● **What is required**
Identify every line in the records below that contains the word "principle", and reproduce each one.

[[ Data section, beginning ]]

(* Let $k>0$, $(a,d)\in(0,1)\times(0,\infty)$, let $g$ satisfy (Hg), and let $(c,\Phi)$ with $c\in\mathbb R$, $\Phi\in C^1(\mathbb R)$ solve $$-c\Phi'(\xi)=d\big(k\Phi(\xi+1)-(k+1)\Phi(\xi)+\Phi(\xi-1)\big)+g(\Phi(\xi);a)\ (\xi\in\mathbb R),\quad \lim_{\xi\to-\infty}\Phi(\xi)=0,\ \lim_{\xi\to+\infty}\Phi(\xi)=1.$$ Suppose there exist $\bar c\in\mathbb R$ and a bounded $\Psi\in C^1(\mathbb R)$ such that (i) $\sup_{\xi}\Psi(\xi)>0$, (ii) $\Psi(\xi)\le\Phi(\xi)$ for all $\xi$, (iii) $\mathcal I_{a,d,k}[\bar c,\Psi](\xi)\le0$ for all $\xi$. Then $c\le\bar c$. Likewise, if (i') $\inf_\xi\Psi(\xi)<1$, (ii') $\Psi(\xi)\ge\Phi(\xi)$ for all $\xi$, (iii') $\mathcal I_{a,d,k}[\bar c,\Psi](\xi)\ge0$ for all $\xi$, then $c\ge\bar c$.
   Context: For $c\in\mathbb R$ and $\Phi\in C^1(\mathbb R)$, $\mathcal I_{a,d,k}[c,\Phi](\xi):=-c\Phi'(\xi)-d\big(\Phi(\xi-1)-(k+1)\Phi(\xi)+k\Phi(\xi+1)\big)-g(\Phi(\xi);a)$. A function $g:\mathbb R\times[0,1]\to\mathbb R$, $(u,a)\mapsto g(u;a)$, satisfies (Hg) if it is $C^1$ and for every $a\in(0,1)$: $g(0;a)=g(a;a)=g(1;a)=0$, $g'(0;a)<0$, $g'(1;a)<0$, $g'(a;a)>0$ (where $g'=\partial_u g$), $g(v;a)>0$ for $v\in(-\infty,0)\cup(a,1)$ and $g(v;a)<0$ for $v\in(0,a)\cup(1,\infty)$. *)

theory Defs
  imports "HOL-Analysis.Analysis"
begin

text \<open>g is a function of (u, a), written curried as g u a, defined (at least) on R x [0,1].\<close>
definition C1_g :: "(real \<Rightarrow> real \<Rightarrow> real) \<Rightarrow> bool" where
  "C1_g g \<longleftrightarrow> (\<exists>gu ga.
     continuous_on (UNIV \<times> {0..1}) (\<lambda>(u,a). gu u a) \<and>
     continuous_on (UNIV \<times> {0..1}) (\<lambda>(u,a). ga u a) \<and>
     (\<forall>u. \<forall>a\<in>{0..1}. ((\<lambda>(u,a). g u a) has_derivative (\<lambda>(h,k). gu u a * h + ga u a * k))
          (at (u,a) within (UNIV \<times> {0..1}))))"

text \<open>Hypothesis (Hg); g' = partial derivative in u, i.e. deriv (\<lambda>u. g u a).\<close>
definition Hg :: "(real \<Rightarrow> real \<Rightarrow> real) \<Rightarrow> bool" where
  "Hg g \<longleftrightarrow> C1_g g \<and>
    (\<forall>a\<in>{0<..<1}.
       g 0 a = 0 \<and> g a a = 0 \<and> g 1 a = 0 \<and>
       deriv (\<lambda>u. g u a) 0 < 0 \<and> deriv (\<lambda>u. g u a) 1 < 0 \<and> deriv (\<lambda>u. g u a) a > 0 \<and>
       (\<forall>v. (v < 0 \<or> (a < v \<and> v < 1)) \<longrightarrow> g v a > 0) \<and>
       (\<forall>v. ((0 < v \<and> v < a) \<or> 1 < v) \<longrightarrow> g v a < 0))"

definition Iop :: "(real \<Rightarrow> real \<Rightarrow> real) \<Rightarrow> real \<Rightarrow> real \<Rightarrow> real \<Rightarrow> real \<Rightarrow> (real \<Rightarrow> real) \<Rightarrow> real \<Rightarrow> real" where
  "Iop g a d k c \<Phi> \<xi> = - c * deriv \<Phi> \<xi> - d * (\<Phi> (\<xi> - 1) - (k + 1) * \<Phi> \<xi> + k * \<Phi> (\<xi> + 1)) - g (\<Phi> \<xi>) a"

end

theory Submission
  imports Defs
begin

text \<open>Read \<open>u(t, \<xi>) = \<Phi>(\<xi> - c t)\<close> and \<open>w(t, \<xi>) = \<Psi>(\<xi> - cbar t)\<close> as a solution and a
  sub-solution of the lattice equation \<open>u\<^sub>t = d (k u(\<xi>+1) - (k+1) u(\<xi>) + u(\<xi>-1)) + g(u; a)\<close>.
  The lattice operator is cooperative and \<open>g\<close> is Lipschitz on the bounded ranges, so the
  comparison principle propagates \<open>\<Psi> \<le> \<Phi>\<close> to \<open>\<Psi>(\<xi> - cbar t) \<le> \<Phi>(\<xi> - c t)\<close> for all \<open>t \<ge> 0\<close>.
  If \<open>c > cbar\<close>, following \<open>\<xi> = \<xi>\<^sub>0 + cbar t\<close> drives the argument of \<open>\<Phi>\<close> to \<open>-\<infinity>\<close>, where
  \<open>\<Phi> \<rightarrow> 0 < \<Psi>(\<xi>\<^sub>0)\<close>. The super-solution case is symmetric, using \<open>\<Phi> \<rightarrow> 1\<close> at \<open>+\<infinity>\<close>.\<close>

lemma last_nonneg_before:
  fixes f :: "real \<Rightarrow> real"
  assumes cont: "continuous_on {T..r} f" and "T \<le> r" and "f T \<ge> 0" and "f r < 0"
  obtains t0 where "T \<le> t0" "t0 < r" "f t0 \<ge> 0" "\<And>q. t0 < q \<Longrightarrow> q \<le> r \<Longrightarrow> f q < 0"
proof -
  define S where "S = {q \<in> {T..r}. 0 \<le> f q}"
  have "closed S"
    unfolding S_def by (intro continuous_on_closed_Collect_le cont continuous_on_const) simp
  moreover have "T \<in> S" "bdd_above S"
    using assms by (auto simp: S_def)
  ultimately have "Sup S \<in> S"
    using closed_contains_Sup by blast
  moreover have "f q < 0" if "Sup S < q" "q \<le> r" for q
    using that cSup_upper[OF _ \<open>bdd_above S\<close>, of q] \<open>Sup S \<in> S\<close> by (force simp: S_def)
  ultimately show thesis
    using that \<open>f r < 0\<close> by (fastforce simp: S_def le_less)
qed

text \<open>The hypothesis \<open>growth\<close> is a maximum principle for the evolution \<open>r \<mapsto> W(\<cdot>, r)\<close>: where
  \<open>W\<close> is negative it decreases no faster than \<open>C\<close> times the current depth of its negative part.
  Hence that depth grows at most linearly from a nonnegative start, and over a time step of
  length \<open>1/(2C)\<close> it is at most half of itself, i.e. zero.\<close>

lemma neg_part_linear_bound:
  fixes W D :: "'a \<Rightarrow> real \<Rightarrow> real"
  assumes deriv: "\<And>x r. ((\<lambda>r. W x r) has_real_derivative D x r) (at r)"
    and growth: "\<And>x r N. N \<ge> 0 \<Longrightarrow> W x r < 0 \<Longrightarrow> (\<And>y. W y r \<ge> - N)
      \<Longrightarrow> D x r \<ge> - C * N"
    and "C \<ge> 0" and "N \<ge> 0"
    and bound: "\<And>y q. T \<le> q \<Longrightarrow> q \<le> r \<Longrightarrow> W y q \<ge> - N"
    and start: "\<And>y. W y T \<ge> 0" and "T \<le> r"
  shows "- W x r \<le> C * (r - T) * N"
proof (cases "W x r < 0")
  case False
  have "C * (r - T) * N \<ge> 0"
    using assms(3,4,7) by simp
  then show ?thesis
    using False by linarith
next
  case True
  have "continuous_on {T..r} (\<lambda>q. W x q)"
    using deriv by (meson DERIV_isCont continuous_at_imp_continuous_on)
  then obtain t0 where t0: "T \<le> t0" "t0 < r" "W x t0 \<ge> 0"
    and neg: "\<And>q. t0 < q \<Longrightarrow> q \<le> r \<Longrightarrow> W x q < 0"
    using last_nonneg_before[of T r "\<lambda>q. W x q"] start True \<open>T \<le> r\<close> by blast
  obtain z where z: "t0 < z" "z < r" and mvt: "W x r - W x t0 = (r - t0) * D x z"
    using MVT2[OF \<open>t0 < r\<close>, of "\<lambda>q. W x q" "D x"] deriv by blast
  have "D x z \<ge> - C * N"
    using growth[OF \<open>N \<ge> 0\<close> neg[OF z(1)]] bound z t0 by simp
  then have "(r - t0) * D x z \<ge> (r - t0) * (- C * N)"
    using t0 by (intro mult_left_mono) auto
  moreover have "(r - t0) * (- C * N) \<ge> (r - T) * (- C * N)"
    using t0 assms(3,4) by (intro mult_right_mono_neg) auto
  ultimately show ?thesis
    using mvt t0 by (simp add: algebra_simps)
qed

[[ Data section, end ]]

● **Exercise result**
  comparison principle propagates \<open>\<Psi> \<le> \<Phi>\<close> to \<open>\<Psi>(\<xi> - cbar t) \<le> \<Phi>(\<xi> - c t)\<close> for all \<open>t \<ge> 0\<close>.
text \<open>The hypothesis \<open>growth\<close> is a maximum principle for the evolution \<open>r \<mapsto> W(\<cdot>, r)\<close>: where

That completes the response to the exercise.